McGuire drew her second yellow card in the 89th minute, again in her own box, leading to a red card and an ejection. The penalty kick and the chance to put the game away flew wide left. It was the first red card of the season for the Lions.
“Maybe it was Laura’s frustration, but I really don’t even think of it as it being a mistake on Laura’s part at all,” Escobar, a journalism major, said. “I just thought it was poor officiating on that whole side. I did not think it was anything other than that.”
In their regular season matchup on Oct. 15, the squads were scoreless through regulation until sophomore forward Paige Haley scored the game-winner for the Lions four minutes into extra time.
On Tuesday, Emerson played nearly the entire contest from behind.
“What I saw from [Springfield] that was different was they were playing longer balls,” Suvak said. “They would play a ball forward, a ball back, and then put a ball forward usually 30 or 40 yards and let their forwards run in on it and compete against our backs.
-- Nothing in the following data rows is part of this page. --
lemma ex_mcell_of: assumes "a \<in> multicells Y" shows "\<exists>J c. J \<subseteq> {..d} \<and> c \<in> P \<and> a = mcell_of J c"
proof -
  obtain \<tau> r where a: "a = (\<tau>, r)" "\<tau> \<in> Y_cells" "r \<in> {1..card (residues_over \<tau>)}"
    using assms unfolding multicells_def by auto
  obtain J0 x where tx: "\<tau> = cell_of J0 x" "J0 \<subseteq> {..d}" using a(2) unfolding Y_cells_def by blast
  have "enum \<tau> r \<in> residues_over \<tau>" using bij_enum a(3) unfolding bij_betw_def by blast
  then obtain c where c: "enum \<tau> r = residue (cotype \<tau>) c" "c \<in> P" "cell_of (cotype \<tau>) c = \<tau>" unfolding residues_over_def by blast
  have cotype: "cotype \<tau> = J0" unfolding tx(1) cotype_cell_of[OF tx(2)] ..
  have "inv_into {1..card (residues_over \<tau>)} (enum \<tau>) (enum \<tau> r) = r"
    by (rule inv_into_f_f) (use bij_enum a(3) in \<open>auto simp: bij_betw_def\<close>)
  hence "index J0 c = r" unfolding index_def using c cotype by simp
  hence "a = mcell_of J0 c" unfolding mcell_of_def using a c cotype by simp
  thus ?thesis using tx c by blast
qed

lemma representative_rel: assumes "J \<subseteq> {..d}" "c \<in> P" shows "residue_rel J c (representative (mcell_of J c)) \<and> representative (mcell_of J c) \<in> P"
proof -
  have "c \<in> enum (fst (mcell_of J c)) (snd (mcell_of J c))" using mcell_of_multicell(2)[OF assms] unfolding mcell_of_def residue_def by simp
  hence "representative (mcell_of J c) \<in> enum (fst (mcell_of J c)) (snd (mcell_of J c))" unfolding representative_def by (rule someI)
  hence "residue_rel J c (representative (mcell_of J c))" using mcell_of_multicell(2)[OF assms] unfolding mcell_of_def residue_def by simp
  thus ?thesis using residue_rel_in_P assms by blast
qed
I expected that team to play differently; I didn’t expect them to play like that.”
Springfield (11-4-3, 5-2-3) will take on top-seeded WPI (14-2-2, 8-1-1) in the conference semifinals Saturday. Emerson (10-10, 5-5) lost four out of their last five.
This match marks the first NEWMAC playoff game for the Lions women’s soccer program in four years in the conference, and its first season without a losing NEWMAC record.
“This team has evolved over the years and is making their own history in a very short amount of time and they’re proving that they can beat good teams,” Suvak said. “That history has to continue to develop to make them a strong soccer program.”
Suvak said he will not apply for entrance into the Eastern College Athletic Conference Championship, the invitational tournament the Lions won last year. He said that after consulting with Emerson athletic director Patricia Nicol, they have decided to put the focus of the program completely on the NEWMAC.